The ASA classification system is a routinely applied evaluation scale for in-patients physical status, anesthetic, and surgical tolerance at the time of admission. Studies have documented the indispensable effects of the ASA score in the risk prediction of mortality and hip fracture complications [30]. In this study, the ASA score of III-IV correlated with quite a high risk of preoperative DVT (OR = 2.753). This finding was in concordance with that of a nationwide study that revealed an ASA score of > 2 (OR = 1.770) as being a significant risk factor for DVT after colorectal surgery [31]. A few published reports have documented an apparent correlation between ASA score and DVT formation. This could be attributed to the fact that ASA scores were obtained from evaluating the comprehensive medical histories and the judgment of the medical staff, which is not, however, an objective biomarker.

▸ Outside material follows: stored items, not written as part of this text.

lemma decrease_from_derivative_bound:
  fixes \<phi> :: "real \<Rightarrow> real"
  assumes "0 \<le> a" "a \<le> b"
    and deriv: "\<And>t. a \<le> t \<Longrightarrow> t \<le> b \<Longrightarrow> (\<phi> has_real_derivative \<phi>' t) (at t within {0..})"
    and bound: "\<And>t. a \<le> t \<Longrightarrow> t \<le> b \<Longrightarrow> \<phi>' t \<le> -k"
  shows "\<phi> b \<le> \<phi> a - k * (b - a)"
proof (cases "a = b")
  case False
  then have "a < b"
    using assms by simp
  have "((\<lambda>t. \<phi> t + k * t) has_derivative (\<lambda>h. (\<phi>' t + k) * h)) (at t within {a..b})"
    if "a \<le> t" "t \<le> b" for t
  proof -
    have "(\<phi> has_real_derivative \<phi>' t) (at t within {a..b})"
      using deriv[OF that] assms by (auto intro: has_field_derivative_subset)
    then have "((\<lambda>t. \<phi> t + k * t) has_real_derivative \<phi>' t + k) (at t within {a..b})"
      by (auto intro!: derivative_eq_intros)
    then show ?thesis
      by (simp add: has_field_derivative_def)
  qed
  from mvt_simple[OF \<open>a < b\<close> this]
  obtain \<tau> where "\<tau> \<in> {a<..<b}" and "\<phi> b + k * b - (\<phi> a + k * a) = (\<phi>' \<tau> + k) * (b - a)"
    by blast
  moreover have "(\<phi>' \<tau> + k) * (b - a) \<le> 0"
    using bound[of \<tau>] \<open>\<tau> \<in> {a<..<b}\<close> by (intro mult_nonpos_nonneg) auto
  ultimately show ?thesis
    by (simp add: algebra_simps)
qed simp

lemma has_real_derivative_along_solution:
  assumes "is_solution F x" "0 \<le> t" and "(V has_derivative D) (at (x t))"
  shows "((\<lambda>t. V (x t)) has_real_derivative D (F (x t))) (at t within {0..})"
proof -
  have "(x has_derivative (\<lambda>h. h *\<^sub>R F (x t))) (at t within {0..})"
    using assms(1,2) by (simp add: is_solution_def has_vector_derivative_def)
  from diff_chain_within[OF this has_derivative_at_withinI[OF assms(3)]]
  have "((\<lambda>t. V (x t)) has_derivative (\<lambda>h. D (h *\<^sub>R F (x t)))) (at t within {0..})"
    by (simp add: o_def)
  moreover have "(\<lambda>h. D (h *\<^sub>R F (x t))) = (*) (D (F (x t)))"
    using has_derivative_bounded_linear[OF assms(3)]
    by (simp add: fun_eq_iff linear_simps mult.commute)
  ultimately show ?thesis
    by (simp add: has_field_derivative_def)
qed

locale strict_lyapunov_function =
  fixes F :: "'a::real_normed_vector \<Rightarrow> 'a" and V :: "'a \<Rightarrow> real" and c \<eta> :: real
  assumes c_pos: "0 < c" and V_ge: "\<And>z. c * (norm z)^2 \<le> V z" and V_zero: "V 0 = 0"
    and \<eta>_pos: "0 < \<eta>"
    and dissipative: "\<And>z. \<exists>D. (V has_derivative D) (at z) \<and> D (F z) \<le> - \<eta> * (norm z)^2"
begin

lemma V_nonneg: "0 \<le> V z"
  using V_ge[of z] c_pos by (smt (verit) mult_nonneg_nonneg zero_le_power2)

lemma decrease_along_solution:
  assumes x: "is_solution F x" and "0 \<le> a" "a \<le> b" "0 \<le> r"
    and r: "\<And>t. a \<le> t \<Longrightarrow> t \<le> b \<Longrightarrow> r \<le> norm (x t)"
  shows "V (x b) \<le> V (x a) - \<eta> * r^2 * (b - a)"
proof -
  obtain D where D: "\<And>z. (V has_derivative D z) (at z)" "\<And>z. D z (F z) \<le> - \<eta> * (norm z)^2"
    using dissipative by metis
  show ?thesis
  proof (rule decrease_from_derivative_bound[where \<phi>' = "\<lambda>t. D (x t) (F (x t))"])
    fix t assume t: "a \<le> t" "t \<le> b"
    show "((\<lambda>t. V (x t)) has_real_derivative D (x t) (F (x t))) (at t within {0..})"
      using t \<open>0 \<le> a\<close> by (intro has_real_derivative_along_solution[OF x] D) auto
    have "\<eta> * r^2 \<le> \<eta> * (norm (x t))^2"
      using r[OF t] \<open>0 \<le> r\<close> \<eta>_pos by (intro mult_left_mono power_mono) auto
    then show "D (x t) (F (x t)) \<le> - (\<eta> * r^2)"
      using D(2)[of "x t"] by linarith
  qed (use assms in auto)
qed

lemma norm_solution_le:
  assumes "is_solution F x" "0 \<le> t0" "t0 \<le> t"
  shows "c * (norm (x t))^2 \<le> V (x t0)"
  using decrease_along_solution[OF assms, of 0] V_ge[of "x t"] by simp

lemma solution_enters_ball:
  assumes x: "is_solution F x" and "0 < r"
  shows "\<exists>t0\<ge>0. norm (x t0) < r"
proof (rule ccontr)
  assume outside: "\<not> ?thesis"
  define T where "T = V (x 0) / (\<eta> * r^2) + 1"
  have "0 < \<eta> * r^2"
    using \<eta>_pos \<open>0 < r\<close> by simp
  then have "0 \<le> T"
    unfolding T_def using divide_nonneg_pos[OF V_nonneg] by (smt (verit))
  have "V (x T) \<le> V (x 0) - \<eta> * r^2 * (T - 0)"
    using outside \<open>0 < r\<close> \<open>0 \<le> T\<close>
    by (intro decrease_along_solution[OF x]) (auto simp: not_less)
  also have "\<dots> = - (\<eta> * r^2)"
    using \<eta>_pos \<open>0 < r\<close> by (simp add: T_def field_simps)
  finally show False
    using V_nonneg[of "x T"] \<open>0 < \<eta> * r^2\<close> by linarith
qed

lemma V_less_near_zero:
  assumes "0 < e"
  shows "\<exists>r>0. \<forall>z. norm z < r \<longrightarrow> V z < e"
proof -
  have "continuous (at 0) V"
    using dissipative[of 0] has_derivative_continuous by blast
  then obtain r where "0 < r" "\<forall>z. dist z 0 < r \<longrightarrow> dist (V z) (V 0) < e"
    using assms unfolding continuous_at_eps_delta by blast
  then show ?thesis
    using V_zero by (auto simp: dist_norm abs_less_iff)
qed

lemma solution_stays_in_ball:
  assumes "is_solution F x" "0 \<le> t0" "t0 \<le> t" "0 < \<epsilon>" "V (x t0) < c * \<epsilon>^2"
  shows "dist (x t) 0 < \<epsilon>"
proof -
  have "c * (norm (x t))^2 < c * \<epsilon>^2"
    using norm_solution_le[OF assms(1-3)] assms(5) by linarith
  then show ?thesis
    using c_pos \<open>0 < \<epsilon>\<close> by (simp add: power_less_imp_less_base)
qed

theorem globally_asymptotically_stable:
  assumes "F 0 = 0" and "\<And>\<xi>. \<exists>x. is_solution F x \<and> x 0 = \<xi>"
  shows "globally_asymptotically_stable F 0"
proof -
  have small: "\<exists>r>0. \<forall>z. norm z < r \<longrightarrow> V z < c * \<epsilon>^2" if "0 < \<epsilon>" for \<epsilon>
    using V_less_near_zero c_pos that by simp
  have "\<exists>\<delta>>0. \<forall>x. is_solution F x \<and> dist (x 0) 0 < \<delta> \<longrightarrow> (\<forall>t\<ge>0. dist (x t) 0 < \<epsilon>)"
    if "0 < \<epsilon>" for \<epsilon>
    using small[OF that] solution_stays_in_ball[of _ 0 _ \<epsilon>] that by (auto simp: dist_norm)
  moreover have "(x \<longlongrightarrow> 0) at_top" if x: "is_solution F x" for x
  proof (rule tendstoI)
    fix \<epsilon> :: real assume "0 < \<epsilon>"
    then obtain r where "0 < r" and r: "\<And>z. norm z < r \<Longrightarrow> V z < c * \<epsilon>^2"
      using small by blast
    then obtain t0 where "0 \<le> t0" "norm (x t0) < r"
      using solution_enters_ball[OF x] by blast
    then show "\<forall>\<^sub>F t in at_top. dist (x t) 0 < \<epsilon>"
      unfolding eventually_at_top_linorder
      using solution_stays_in_ball[OF x _ _ \<open>0 < \<epsilon>\<close> r] by blast
  qed
  ultimately show ?thesis
    unfolding globally_asymptotically_stable_def using assms by blast
qed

This study has three key highlights: (i) it used the largest prospective cohort of closed DFFs patients diagnosed by DUS for DVTs; (ii) DVT location analysis and their prognosis over 2 months were performed; and (iii) ROC analysis was performed to identify a highly sensitive cut-off value for continuous variables, and CRP > 11 mg/L was found to be an uncommon independent protective factor for preoperative DVT after closed DFFs. However, this study had some limitations. One, it was a single-center study that might not represent prevalent populations and, two, some variables, such as hidden blood loss or the number of days between the fracture and the operation that potentially determine the development of preoperative DVTs were not included.

Conclusions

Elevated CRP, PLT, D-dimer, and ASA levels as well as age > 65 years were correlated with the increased risk of preoperative DVTs in adult patients with closed DFFs. Therefore, the prediction of preoperative DVTs can significantly be improved by identifying older patients over the age of 65 and, precisely establishing the biochemical cut-off values for CRP, PLT, ASA, and D-dimer.